ASSIGNED TASK: Transcribe the records word for word, beginning with the first line and ending with the line that contains "realization \<Delta> \<Longrightarrow> z"; include nothing else.

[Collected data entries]
lemma realization_dirac_sum_enumeration:
  obtains z w and N :: nat where
    "\<And>\<mu> j. \<mu> \<in> realization \<Delta> \<Longrightarrow> z \<mu> j \<in> msupp \<mu>"
    "\<And>\<mu> j. \<mu> \<in> realization \<Delta> \<Longrightarrow> w \<mu> j \<in> {0..1}"
    "\<And>\<mu>. \<mu> \<in> realization \<Delta> \<Longrightarrow> dirac_sum {..<N} (w \<mu>) (z \<mu>) = \<mu>"
proof -
  obtain N :: nat where N: "\<And>\<delta>. \<delta> \<in> \<Delta> \<Longrightarrow> card \<delta> \<le> N"
    using bounded_dimension by blast
  have "\<forall>\<mu>\<in>realization \<Delta>. \<exists>z w. (\<forall>j. z j \<in> msupp \<mu>) \<and> (\<forall>j. w j \<in> {0..1})
                                   \<and> dirac_sum {..<N} w z = \<mu>"
  proof
    fix \<mu> assume \<mu>: "\<mu> \<in> realization \<Delta>"
    note \<mu>_weights = realization_weights[OF \<mu>]
    obtain z w where z: "\<forall>j. z j \<in> msupp \<mu>" and w: "\<forall>j. w j \<in> insert 0 (\<mu> ` msupp \<mu>)"
        and eq: "dirac_sum {..<N} w z = \<mu>"
      using dirac_sum_enumeration[OF \<mu>_weights(4,5) N[OF \<mu>_weights(3)]] by (elim exE conjE)
    have "\<forall>j. w j \<in> {0..1}"
    proof
      fix j
      have "w j = 0 \<or> (\<exists>y. w j = \<mu> y)" using w by blast
      then show "w j \<in> {0..1}" using \<mu>_weights(1,2) by auto
    qed
    with z eq show "\<exists>z w. (\<forall>j. z j \<in> msupp \<mu>) \<and> (\<forall>j. w j \<in> {0..1}) \<and> dirac_sum {..<N} w z = \<mu>"
      by (intro exI[of _ z] exI[of _ w] conjI)
  qed
  then obtain z w where "\<forall>\<mu>\<in>realization \<Delta>. (\<forall>j. z \<mu> j \<in> msupp \<mu>) \<and> (\<forall>j. w \<mu> j \<in> {0..1})
                                           \<and> dirac_sum {..<N} (w \<mu>) (z \<mu>) = \<mu>"
    by metis
  then show ?thesis by (intro that[of z w N]) auto
qed

lemma measure_pairs_iff:
  "x \<in> measure_pairs \<longleftrightarrow> fst x \<in> topspace TG \<and> snd x \<in> realization \<Delta> \<and> s (fst x) = anchor (snd x)"
  by (cases x) (simp add: action_domain_def)

lemma limitin_support_eventually_compact:
  assumes lim: "limitin TR \<phi> \<mu> F"
  shows "\<exists>L. compactin TY L \<and> eventually (\<lambda>x. msupp (\<phi> x) \<subseteq> L) F"
proof -
  have \<mu>: "\<mu> \<in> realization \<Delta>" using limitin_topspace[OF lim] by simp
  obtain y0 where y0: "y0 \<in> msupp \<mu>" using realization_weights(5)[OF \<mu>] by blast
  then have "y0 \<in> topspace TY" using support_in_vertices[OF \<mu>] by blast
  then obtain U0 K0 where UK: "openin TY U0" "compactin TY K0" "y0 \<in> U0" "U0 \<subseteq> K0"
    using locally_compact_vertices unfolding locally_compact_space_def by blast
  obtain f where f: "Cc TY f" "f y0 = 1" "\<forall>x. 0 \<le> f x" "\<forall>x. x \<notin> U0 \<longrightarrow> f x = 0"
    using exists_Cc_bump[OF Hausdorff_vertices locally_compact_vertices UK(1,3), of "{}"] by auto
  have "\<mu> y0 * f y0 \<le> mintegral \<mu> f"
    unfolding mintegral_def
    by (rule member_le_sum) (use y0 f realization_weights[OF \<mu>] in auto)
  moreover have "0 < \<mu> y0" using y0 realization_weights(1)[OF \<mu>, of y0] by (simp add: msupp_def)
  ultimately have "0 < mintegral \<mu> f" using f(2) by simp
  then have "eventually (\<lambda>x. 0 < mintegral (\<phi> x) f) F"
    by (rule order_tendstoD(1)[OF limitin_realization_mintegral[OF lim f(1)]])
  moreover have "eventually (\<lambda>x. \<phi> x \<in> realization \<Delta>) F"
    using limitinD[OF lim openin_topspace] \<mu> by simp
  ultimately have "eventually (\<lambda>x. msupp (\<phi> x) \<subseteq> {y. \<exists>y'\<in>K0. {y, y'} \<in> \<Delta>}) F"
  proof eventually_elim
    case (elim x)
    have "\<exists>y\<in>msupp (\<phi> x). f y \<noteq> 0"
    proof (rule ccontr)
      assume "\<not> ?thesis"
      then have "mintegral (\<phi> x) f = 0" unfolding mintegral_def by simp
      with elim(1) show False by simp
    qed
    then obtain y where y: "y \<in> msupp (\<phi> x)" "y \<in> K0" using f(4) UK(4) by blast
    show ?case
    proof
      fix y' assume "y' \<in> msupp (\<phi> x)"
      then have "{y', y} \<in> \<Delta>"
        using face_in_complex[OF realization_weights(3)[OF elim(2)]] y by simp
      then show "y' \<in> {y. \<exists>y'\<in>K0. {y, y'} \<in> \<Delta>}" using y by blast
    qed
  qed
  moreover have "compactin TY {y. \<exists>y'\<in>K0. {y, y'} \<in> \<Delta>}"
    using H1 UK(2) unfolding hyp_H1_def by blast
  ultimately show ?thesis by blast
qed
lemma abs_Yr_le: "\<bar>Yr p k \<omega>\<bar> \<le> 1 / sdev k"
  using p_bounds[of k] sdev_pos[of k] unfolding Yr_eq by (auto simp: divide_right_mono abs_div_pos)

lemma measurable_component_Mrad: "(\<lambda>\<omega>. \<omega> k) \<in> measurable M (count_space UNIV)"
proof -
  have "(\<lambda>\<omega>. \<omega> k) \<in> measurable M (bern k)"
    unfolding Mrad_def by (rule measurable_component_singleton) auto
  moreover have "measurable M (bern k) = measurable M (count_space UNIV)"
    by (rule measurable_cong_sets) auto
  ultimately show ?thesis by simp
qed

lemma borel_measurable_Yr[measurable]: "(\<lambda>\<omega>. Yr p k \<omega>) \<in> borel_measurable M"
proof -
  have "(\<lambda>b. if b then (1 - p k) / sdev k else - p k / sdev k) \<circ> (\<lambda>\<omega>. \<omega> k) \<in> borel_measurable M"
    by (rule measurable_comp[OF measurable_component_Mrad]) auto
  then show ?thesis by (simp add: Yr_eq[abs_def] comp_def)
qed

lemma borel_measurable_walsh[measurable]: "(\<lambda>\<omega>. walsh p S \<omega>) \<in> borel_measurable M"
  unfolding walsh_def by measurable

lemma abs_walsh_le: "\<bar>walsh p S \<omega>\<bar> \<le> (\<Prod>i\<in>S. 1 / sdev i)"
  unfolding walsh_def abs_prod by (intro prod_mono) (auto simp: abs_Yr_le)

lemma Yr_fun_upd_other: "i \<noteq> k \<Longrightarrow> Yr p i (fun_upd \<omega> k b) = Yr p i \<omega>"
  unfolding Yr_eq by simp

lemma walsh_fun_upd_notin: "k \<notin> S \<Longrightarrow> walsh p S (fun_upd \<omega> k b) = walsh p S \<omega>"
  unfolding walsh_def by (rule prod.cong[OF refl]) (metis Yr_fun_upd_other)

lemma walsh_remove: "finite S \<Longrightarrow> k \<in> S \<Longrightarrow> walsh p S \<omega> = Yr p k \<omega> * walsh p (S - {k}) \<omega>"
  unfolding walsh_def by (simp add: prod.remove)

lemma Yr_True: "Yr p k (fun_upd \<omega> k True) = (1 - p k) / sdev k"
  and Yr_False: "Yr p k (fun_upd \<omega> k False) = - p k / sdev k"
  by (simp_all add: Yr_eq)

lemma Yr_True_minus_False: "Yr p k (fun_upd \<omega> k True) - Yr p k (fun_upd \<omega> k False) = 1 / sdev k"
  unfolding Yr_True Yr_False diff_divide_distrib[symmetric] by simp

lemma Dk_walsh_in:
  assumes S: "finite S" "k \<in> S"
  shows "Dk p k (walsh p S) \<omega> = walsh p (S - {k}) \<omega>"
proof -
  have "Dk p k (walsh p S) \<omega> = sdev k * (Yr p k (fun_upd \<omega> k True) - Yr p k (fun_upd \<omega> k False)) * walsh p (S - {k}) \<omega>"
    unfolding Dk_def using S by (simp add: walsh_remove[OF S] walsh_fun_upd_notin algebra_simps)
  then show ?thesis using p_bounds[of k] by (simp add: Yr_True_minus_False)
qed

ANSWER SPACE:
lemma realization_dirac_sum_enumeration:
  obtains z w and N :: nat where
    "\<And>\<mu> j. \<mu> \<in> realization \<Delta> \<Longrightarrow> z \<mu> j \<in> msupp \<mu>"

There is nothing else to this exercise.